I know this isn't strictly a Lr question, but I'm trying to go all-in on Adobe cloud stuff so...

I see PS 2020 has Cloud Documents. These sync with Cloud Documents on the new iPad PhotoShop.

So, I'd like to move a bunch of my PSDs over to Cloud Documents, but can't see a way to do it? I suspect there is some converting to .psdc to be done.

Any ideas?


----------



## Johan Elzenga (Nov 9, 2019)

When you choose 'Save as' in Photoshop, you'll get a 'Save to cloud documents' button at the bottom of the normal 'Save as' dialog.


----------



## carlosfandango (Nov 9, 2019)

Yep. What I was wondering was whether it was possible to mass transfer/convert PSD files into the cloud documents folser


----------



## Johan Elzenga (Nov 9, 2019)

There is no cloud documents folder. There is a ‘Creative Cloud Files’ folder, but that is not the same as cloud documents. Perhaps you could record an action that can batch automate saving to cloud documents, but I haven’t tried that.


----------



## carlosfandango (Nov 9, 2019)

Thanks Johan. 

Yes, it's not a desktop-mapped folder, but it is a location (that feels like an online folder). Ideally we could just drag files into that view in PS (as you can with Google Drive web view), or there could be an upload/convert button. 

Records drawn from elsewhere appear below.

lemma sum_centered_index_sq: "(\<Sum>m<M. (centered_index M m)\<^sup>2) = real M * ((real M)\<^sup>2 - 1) / 3"
  using sum_lessThan_affine_sq[of "real M - 1" M] by (simp add: centered_index_def field_simps power2_eq_square)

lemma du_profile_gram:
  "Re (\<Sum>m<M. cnj (du_profile M \<xi> i m) * du_profile M \<xi> j m) =
     (if i \<noteq> j then 0
      else if i = 0 then (cmod (Complex (\<xi>$1) (\<xi>$2)))\<^sup>2 * (pi * cos (\<xi>$0) / 2)\<^sup>2 * (real M * ((real M)\<^sup>2 - 1) / 3)
      else real M)"
proof -
  let ?c = "- \<i> * Complex (\<xi>$1) (\<xi>$2) * of_real (pi * cos (\<xi>$0) / 2)"
  define w :: "3 \<Rightarrow> complex" where "w k = (if k = 0 then ?c else if k = 1 then 1 else \<i>)" for k
  define e :: "3 \<Rightarrow> nat \<Rightarrow> real" where "e k m = (if k = 0 then centered_index M m else 1)" for k m
  have "du_profile M \<xi> k m = w k * of_real (e k m)" for k m
    by (simp add: du_profile_def w_def e_def)
  then have gram_sum: "(\<Sum>m<M. cnj (du_profile M \<xi> i m) * du_profile M \<xi> j m)
      = cnj (w i) * w j * of_real (\<Sum>m<M. e i m * e j m)"
    by (simp add: of_real_sum sum_distrib_left mult_ac)
  define g where "g k l = Re (cnj (w k) * w l)" for k l
  have gram: "Re (\<Sum>m<M. cnj (du_profile M \<xi> i m) * du_profile M \<xi> j m)
      = g i j * (\<Sum>m<M. e i m * e j m)"
    using gram_sum by (simp add: g_def)
  have g00: "g 0 0 = (cmod (Complex (\<xi>$1) (\<xi>$2)))\<^sup>2 * (pi * cos (\<xi>$0) / 2)\<^sup>2"
  proof -
    have "(cmod ?c)\<^sup>2 = (cmod (Complex (\<xi>$1) (\<xi>$2)))\<^sup>2 * (pi * cos (\<xi>$0) / 2)\<^sup>2"
      by (simp add: norm_mult power_mult_distrib power_divide)
    moreover have "cnj ?c * ?c = of_real ((cmod ?c)\<^sup>2)"
      by (subst complex_norm_square) (rule mult.commute)
    ultimately show ?thesis
      unfolding g_def w_def by simp
  qed
  have gkk: "g k k = 1" if "k \<noteq> 0" for k
    using that by (simp add: g_def w_def)
  have g12: "g 1 2 = 0" "g 2 1 = 0"
    by (simp_all add: g_def w_def)
  have e00: "(\<Sum>m<M. e 0 m * e 0 m) = real M * ((real M)\<^sup>2 - 1) / 3"
    using sum_centered_index_sq by (simp add: e_def power2_eq_square)
  have e0k: "(\<Sum>m<M. e 0 m * e k m) = 0" "(\<Sum>m<M. e k m * e 0 m) = 0" if "k \<noteq> 0" for k
    using that sum_centered_index by (simp_all add: e_def)
  have ekk: "(\<Sum>m<M. e k m * e k m) = real M" if "k \<noteq> 0" for k
    using that by (simp add: e_def)
  show ?thesis
    unfolding gram using num3_cases[of i] num3_cases[of j]
    by (elim disjE) (simp_all add: g00 gkk g12 e00 e0k ekk)
qed

lemma one_less_real_square: "2 \<le> M \<Longrightarrow> 1 < (real M)\<^sup>2"
  using power_strict_mono[of 1 "real M" 2] by simp

lemma matrix_inv_eqI:
  fixes A B :: "'a::semiring_1^'n^'n"
  assumes "A ** B = mat 1" and "B ** A = mat 1"
  shows "matrix_inv A = B"
proof -
  have "matrix_inv A ** A = mat 1"
    unfolding matrix_inv_def by (rule someI2[of _ B]) (use assms in auto)
  have "matrix_inv A = matrix_inv A ** (A ** B)"
    using assms(1) by (simp add: matrix_mul_rid)
  also have "\<dots> = B"
    using \<open>matrix_inv A ** A = mat 1\<close> by (simp add: matrix_mul_assoc matrix_mul_lid)
  finally show ?thesis .
qed

lemma matrix_inv_diagonal:
  fixes A :: "'a::field^'n^'n"
  assumes "\<And>i j. A $ i $ j = (if i = j then f i else 0)" and "\<And>i. f i \<noteq> 0"
  shows "matrix_inv A = (\<chi> i j. if i = j then inverse (f i) else 0)"
  using assms
  by (intro matrix_inv_eqI)
     (auto simp: matrix_matrix_mult_def mat_def vec_eq_iff if_distrib if_distribR sum.delta cong: if_cong)

lemma CRB_eq:
  assumes "M \<ge> 2" and "N > 0" and "L > 0" and "P > 0" and "\<tau> > 0"
    and "\<alpha> \<noteq> 0" and "\<sigma> > 0" and "c3 \<noteq> 0" and "cos \<theta> \<noteq> 0"
    and energy: "(\<Sum>l=1..L. s l * cnj (s l)) = of_nat L"
  shows "CRB M N L P \<tau> \<alpha> s \<sigma> c3 \<theta> =
           6 * \<sigma>\<^sup>2 / (real L * (cmod c3)\<^sup>2 * P * \<tau> * real N * (cmod \<alpha>)\<^sup>2 * pi\<^sup>2
              * (cos \<theta>)\<^sup>2 * real M * ((real M)\<^sup>2 - 1))"
proof -
  define \<xi> :: "real^3" where "\<xi> = (\<chi> i. if i = 0 then \<theta> else if i = 1 then Re c3 else Im c3)"
  have \<xi>: "\<xi>$0 = \<theta>" "Complex (\<xi>$1) (\<xi>$2) = c3"
    by (simp_all add: \<xi>_def)
  define K where "K = 2 / \<sigma>\<^sup>2 * ((cmod \<alpha>)\<^sup>2 * real N * P * \<tau> * real L)"
  define f :: "3 \<Rightarrow> real" where
    "f i = K * (if i = 0 then (cmod c3)\<^sup>2 * (pi * cos \<theta> / 2)\<^sup>2 * (real M * ((real M)\<^sup>2 - 1) / 3)
                else real M)" for i
  have M_sq: "(real M)\<^sup>2 - 1 \<noteq> 0"
    using one_less_real_square[OF assms(1)] by simp
  have "0 \<le> P * \<tau>"
    using assms(4,5) by simp
  have "fisher M N L P \<tau> \<alpha> s \<sigma> \<xi> $ i $ j = (if i = j then f i else 0)" for i j
    unfolding fisher_eq_gram[OF energy \<open>0 \<le> P * \<tau>\<close>] du_profile_gram \<xi> f_def K_def by simp
  moreover have "f i \<noteq> 0" for i
    using assms M_sq unfolding f_def K_def by auto
  ultimately have "CRB M N L P \<tau> \<alpha> s \<sigma> c3 \<theta> = inverse (f 0)"
    unfolding CRB_def \<xi>_def[symmetric] by (simp add: matrix_inv_diagonal)
  also have "\<dots> = 6 * \<sigma>\<^sup>2 / (real L * (cmod c3)\<^sup>2 * P * \<tau> * real N * (cmod \<alpha>)\<^sup>2 * pi\<^sup>2
              * (cos \<theta>)\<^sup>2 * real M * ((real M)\<^sup>2 - 1))"
    using assms M_sq unfolding f_def K_def by (simp add: field_simps power_mult_distrib power_divide)
  finally show ?thesis .
qed

lemma cos_less_on_half_period:
  assumes "0 < x" and "x \<le> 1"
  shows "{\<theta> \<in> {-pi/2<..<pi/2}. cos \<theta> < x} = {-pi/2<..<- arccos x} \<union> {arccos x<..<pi/2}"
proof -
  have "0 \<le> arccos x" and "arccos x \<le> pi/2" and "cos (arccos x) = x"
    using assms arccos_le_pi2[of x] by (simp_all add: arccos_lbound)
  moreover have "cos \<bar>\<theta>\<bar> < cos (arccos x) \<longleftrightarrow> arccos x < \<bar>\<theta>\<bar>" if "\<bar>\<theta>\<bar> < pi/2" for \<theta>
    using that \<open>0 \<le> arccos x\<close> \<open>arccos x \<le> pi/2\<close> by (intro cos_mono_less_eq) auto
  ultimately show ?thesis
    by (auto simp: abs_less_iff)
qed

lemma measure_uniform_cos_less:
  fixes x :: real
  assumes "0 < x"
  shows "measure (uniform_measure lborel {-pi/2<..<pi/2}) {\<theta> \<in> {-pi/2<..<pi/2}. cos \<theta> < x}
     = (if x < 1 then 2 / pi * arcsin x else 1)"
proof (cases "x \<le> 1")
  case False
  then have "{\<theta> \<in> {-pi/2<..<pi/2}. cos \<theta> < x} = {-pi/2<..<pi/2}"
    by (auto intro: le_less_trans[OF cos_le_one])
  then show ?thesis
    using False by simp
next
  case True
  let ?a = "arccos x"
  have "0 \<le> ?a" "?a < pi/2"
    using assms True arccos_less_arccos[of 0 x] by (auto intro: arccos_lbound)
  then have "measure lborel ({-pi/2<..<- ?a} \<union> {?a<..<pi/2}) = pi - 2 * ?a"
    by (subst measure_Union) auto
  moreover have "{-pi/2<..<pi/2} \<inter> ({-pi/2<..<- ?a} \<union> {?a<..<pi/2}) = {-pi/2<..<- ?a} \<union> {?a<..<pi/2}"
    using \<open>0 \<le> ?a\<close> by auto
  ultimately have "measure (uniform_measure lborel {-pi/2<..<pi/2}) {\<theta> \<in> {-pi/2<..<pi/2}. cos \<theta> < x}
      = (pi - 2 * ?a) / pi"
    unfolding cos_less_on_half_period[OF assms True] by (subst measure_uniform_measure) auto
  also have "\<dots> = 2 / pi * arcsin x"
    using arcsin_plus_arccos[of x] True assms by (simp add: field_simps)
  finally show ?thesis
    using True by auto
qed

Looks like this isn't possible yet, but surely it will come? I expect Adobe imagine people moving towards having their files in that location so that they're editable on any platform (much like Lr Cloud)


----------



## Johan Elzenga (Nov 10, 2019)

carlosfandango said:


> Ideally we could just drag files into that view in PS (as you can with Google Drive web view), or there could be an upload/convert button.



The upload button already exists, it's just located at the bottom of the 'save as' dialog.


----------



## sty2586 (Nov 10, 2019)

I habe the opposite problem. With PS on iPad I save a photo in cloud documents. I can see this photo with the Creative Cloud App.
BUT: I cannot load this photo in PS desktop version. In the start screen, the “cloud documents” tab is missing, only “LR photos “ is visible.
I remember to have seen it before the last updates of the three involved Adobe apps.
Anybody any idea to get this tab back?

greetings from Vienna
Franz


----------



## sty2586 (Nov 11, 2019)

I forgot to mention: I also see no save as.. with the choice "Cloud" or "local".


----------



## Johan Elzenga (Nov 11, 2019)

sty2586 said:


> I also see no save as.. with the choice "Cloud" or "local".


Nobody said there was a choice between 'cloud' or 'local'. What I said was that there is a 'Save to cloud documents' button in the dialog.


----------



## sty2586 (Nov 11, 2019)

Thank you, but I found this "choice" in one of the articles in Adobe Support.
But anyway, I also cannot find this dialoge page you show in your reply (also not after an automatic update minutes ago, now PS 21.0.1). 
My only idea: I am on Windows 7 SP1
When I click save as.., a Windows explorer like page opens with these options on the bottom.
On the Start Screen no sign of "Cloud"
It still looks like this:


----------



## Johan Elzenga (Nov 11, 2019)

I think there are incompatibility issues with Windows 7. This may be one of them.


----------